It is well recognised by scholars that in the ancient Greek mind the theme of the revengeful woman was as pervasive as it was persuasive.
Fiona McHardy, for instance, has noted that the idea of the foreign or barbarian woman enacting gross acts of vengeance is pretty much routinely presented in Greek literature, and that barbarian women are depicted using specific ‘womanly' tactics of persuasion, deception and patience in order to ensure that their revenge is both effective and devastating.1 Robert Rollinger's recent investigation into human violence in Herodotus has noted that throughout the Histories, in which no fewer than ninety-two acts of violence are to be found, forty-two are perpetrated by Greece's natural enemies, the Medes and Persians.
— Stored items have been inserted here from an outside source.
lemma exists_bij_recovering:
  assumes "0 < n" and "step2_output n k Bs U"
  shows "\<exists>\<pi>. bij_betw \<pi> {..<k} {..<k} \<and>
    (1 - 32 * (entry_l1 n (\<lambda>i j. Y i j - Ystar \<sigma> i j) / entry_l1 n (Ystar \<sigma>))) * real n
      \<le> real (card (\<Union>a<k. cluster n \<sigma> a \<inter> U (\<pi> a)))"
proof -
  obtain J where "inj_on J {..<k}" "J ` {..<k} \<subseteq> {..<length Bs}"
    "\<forall>a<k. \<forall>i<length Bs. i \<notin> J ` {..<k} \<longrightarrow> card (Bs ! i) \<le> card (Bs ! J a)"
    "\<forall>a<k. Bs ! J a \<subseteq> U a \<and> card (U a) = n div k"
    using assms(2) unfolding step2_output_def by (elim exE conjE) blast
  then interpret step2_run n k Y \<sigma> Bs J U
    by unfold_locales auto
  obtain \<pi> where \<pi>: "bij_betw \<pi> {..<k} {..<k}"
    "n \<le> card (\<Union>a<k. cluster n \<sigma> a \<inter> U (\<pi> a)) + 4 * card bad"
    using exists_bij_matching_most by blast
  define \<delta> where "\<delta> = entry_l1 n (\<lambda>i j. Y i j - Ystar \<sigma> i j)"
  have E: "entry_l1 n (Ystar \<sigma>) = real n * (real n / real k)"
    using entry_l1_Ystar[of n \<sigma> k "n div k"] \<sigma>_less card_cluster k_dvd_n
    by (simp add: real_of_nat_div)
  have "(1 - 32 * (\<delta> / entry_l1 n (Ystar \<sigma>))) * real n = real n - 32 * \<delta> * real k / real n"
    unfolding E using assms(1) k_pos by (simp add: field_simps)
  moreover have "4 * real (card bad) \<le> 32 * \<delta> * real k / real n"
    using card_bad_le assms(1) k_pos by (simp add: \<delta>_def field_simps)
  ultimately show ?thesis using \<pi> unfolding \<delta>_def by (intro exI[of _ \<pi>]) linarith
qed

end

theorem lemma13:
  "\<exists>C>0. \<forall>(n::nat) (k::nat) (d::nat) (h::nat \<Rightarrow> nat \<Rightarrow> real) (\<sigma>::nat \<Rightarrow> nat)
        (Y::nat \<Rightarrow> nat \<Rightarrow> real) (Bs::nat set list) (U::nat \<Rightarrow> nat set).
     n \<ge> 4 \<longrightarrow> k \<ge> 2 \<longrightarrow> k dvd n \<longrightarrow>
     (\<forall>i<n. \<sigma> i < k) \<longrightarrow> (\<forall>a<k. card (cluster n \<sigma> a) = n div k) \<longrightarrow>
     sdp_optimal n k d h Y \<longrightarrow>
     step1_output n k Y Bs \<longrightarrow> step2_output n k Bs U \<longrightarrow>
     (\<exists>\<pi>. bij_betw \<pi> {..<k} {..<k} \<and>
        real (card (\<Union>a<k. cluster n \<sigma> a \<inter> U (\<pi> a)))
          \<ge> (1 - C * (entry_l1 n (\<lambda>i j. Y i j - Ystar \<sigma> i j) / entry_l1 n (Ystar \<sigma>))) * real n)"
  by (intro exI[of _ 32] conjI allI impI zero_less_numeral step1_run.exists_bij_recovering)
    (auto simp: step1_run_def)

end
Of these forty-two incidents, five are enacted by women of the royal house of Persia and of those five, four can be assigned as being specifically vendetta-motivated.[727] [728] The connection between the barbarian milieu and violence seems to be essential to the Herodotean view of history, but of all barbarian peoples, it is the Persians who stand out as the perpetrators of the acts of particularly violent despotism. And of all the Persian brutalities, those instigated by women tend to be the most violent, motivated as they are by purely the desire for revenge.[729]In this chapter I will consider how Greek authors construct the image of powerful barbarian women and their devotion to the idea of revenge by examining texts which focus on the Persian court. I want to present evidence for the Greek vision of female cruelty, but I want to go further than this by suggesting that what is recorded of Persian royal women are not orientalist fantasies on the part of Greek writers, as might easily be supposed, but accurate reflections of the politicking practices within the royal harem.[730] The accounts reflect genuine Persian (and wider Near Eastern) practices wherein violent punishments were a standard norm of legitimate rulership, even for women.